Nancy Edmonds Hanson
When the Moorhead Business Association, Rural Minnesota CEP and other agencies launched Moorhead’s semiannual job fair three years ago, they named it for one group of people looking for work – the New American Job Fair.
“We’d noticed a disconnect – lots of people looking for jobs, and companies looking for workers. The job fair was started to bring them together,” says Hillary Theurer, the social worker who’s putting together this year’s spring event. She is on staff with key sponsor CEP (“concentrated employment program”), working out of the Minnesota Workforce Center in the Clay County Family Service Center.
“But then we realized we could open it up and make it far more inclusive,” she explains. Thus the name change to a broader focus.
The Diversity Job Fair, then, is for anyone and everyone looking for work. Next Tuesday, March 26, will bring more than two dozen local employers together with job seekers of every background and nationality. They have just one thing in common: They’re looking for jobs, and they are eager to connect with the bosses who need willing workers.
As of early this week, 27 companies and agencies had already registered to take part in the event, scheduled from 10 a.m. to noon in the atrium at the east end of the Center Mall. They range from Sanford and Essentia hospitals to home care agencies, from American Crystal Sugar and Integrity Windows to Doosan Bobcat and Jennie O, and from the Moorhead school system and police department to temporary help agencies, several banks, the postal service, the U.S. Census Bureau … and more.

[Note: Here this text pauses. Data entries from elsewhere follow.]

definition right_closed :: "nat \<Rightarrow> (nat \<times> nat) set \<Rightarrow> bool" where
  "right_closed n P \<longleftrightarrow> (\<forall>i k j. j \<in> {1..n} \<longrightarrow> i < k \<longrightarrow> k \<le> j \<longrightarrow> (i, k) \<in> P \<longrightarrow> (i, j) \<in> P)"

lemma up_closed_strict_upper: "up_closed n (strict_upper n)"
  by (auto simp: up_closed_def strict_upper_def)

lemma right_closed_strict_upper: "right_closed n (strict_upper n)"
  by (auto simp: right_closed_def strict_upper_def)

lemma supported_on_mmult_left:
  assumes x: "x \<in> UT n" and D: "supported_on D (strict_upper n)" "supported_on D P"
    and P: "up_closed n P"
  shows "supported_on (mmult n x D) P"
  unfolding supported_on_def
proof (intro allI impI)
  fix i j
  assume "mmult n x D i j \<noteq> 0"
  then have i: "i \<in> {1..n}" and "(\<Sum>k\<in>{1..n}. x i k * D k j) \<noteq> 0"
    by (auto simp: mmult_def split: if_splits)
  then obtain k where "x i k * D k j \<noteq> 0"
    by (meson sum.neutral)
  then have "i \<le> k" "k < j" "(k, j) \<in> P"
    using D UT_nonzero[OF x, of i k] by (auto simp: supported_on_def strict_upper_def)
  then show "(i, j) \<in> P"
    using P i by (auto simp: up_closed_def)
qed

lemma supported_on_mmult_right:
  assumes x: "x \<in> UT n" and D: "supported_on D (strict_upper n)" "supported_on D P"
    and P: "right_closed n P"
  shows "supported_on (mmult n D x) P"
  unfolding supported_on_def
proof (intro allI impI)
  fix i j
  assume "mmult n D x i j \<noteq> 0"
  then have j: "j \<in> {1..n}" and "(\<Sum>k\<in>{1..n}. D i k * x k j) \<noteq> 0"
    by (auto simp: mmult_def split: if_splits)
  then obtain k where "D i k * x k j \<noteq> 0"
    by (meson sum.neutral)
  then have "k \<le> j" "i < k" "(i, k) \<in> P"
    using D UT_nonzero[OF x, of k j] by (auto simp: supported_on_def strict_upper_def)
  then show "(i, j) \<in> P"
    using P j by (auto simp: right_closed_def)
qed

The roster may be even longer by next Tuesday. Hillary notes that businesses can register until the day of the event or until the capacity of 40 is reached. About 120 job-seekers have attended the semiannual get-togethers in the past. She’s hoping even more will be there Tuesday morning.
Employers aren’t the only ones who’ll be there to help them. Interpreters of Kurdish, Arabic, Swahili and Somali will be on hand to help those with limited English fill out applications. Other resources will also be there to help sort out potential obstacles such as child care; along with transportation, it’s the biggest roadblock between many willing workers and the employers who need them.
Hillary, a native of Mandan, N.D., joined the program a year ago after completing her degree in social work at Minnesota State University Moorhead. Her caseload includes helping about 40 people, including a number of new Americans, achieve independence through education and employment.
“I found out about this job because I was a client here myself. I was a single parent on cash assistance,” she notes. “Azad Berwari, who’s now my colleague, told me, ‘You know, we have an opening right here that would fit you.’ And here I am.” She adds that history has repeated itself in her first year on staff: “Now one of my own former clients is working here, too.”
In addition to MNCEP and the business association, the job fair’s sponsors include Job Service North Dakota, Moorhead Area Public Schools, the Afro American Development Association and JobsHQ. The MBA handles registration, including collection of the $50 fee charged employers. (Participation is free for job-seekers.) Employers can get more information and register for Tuesday’s event at www.mhdmba.org/event-3286812.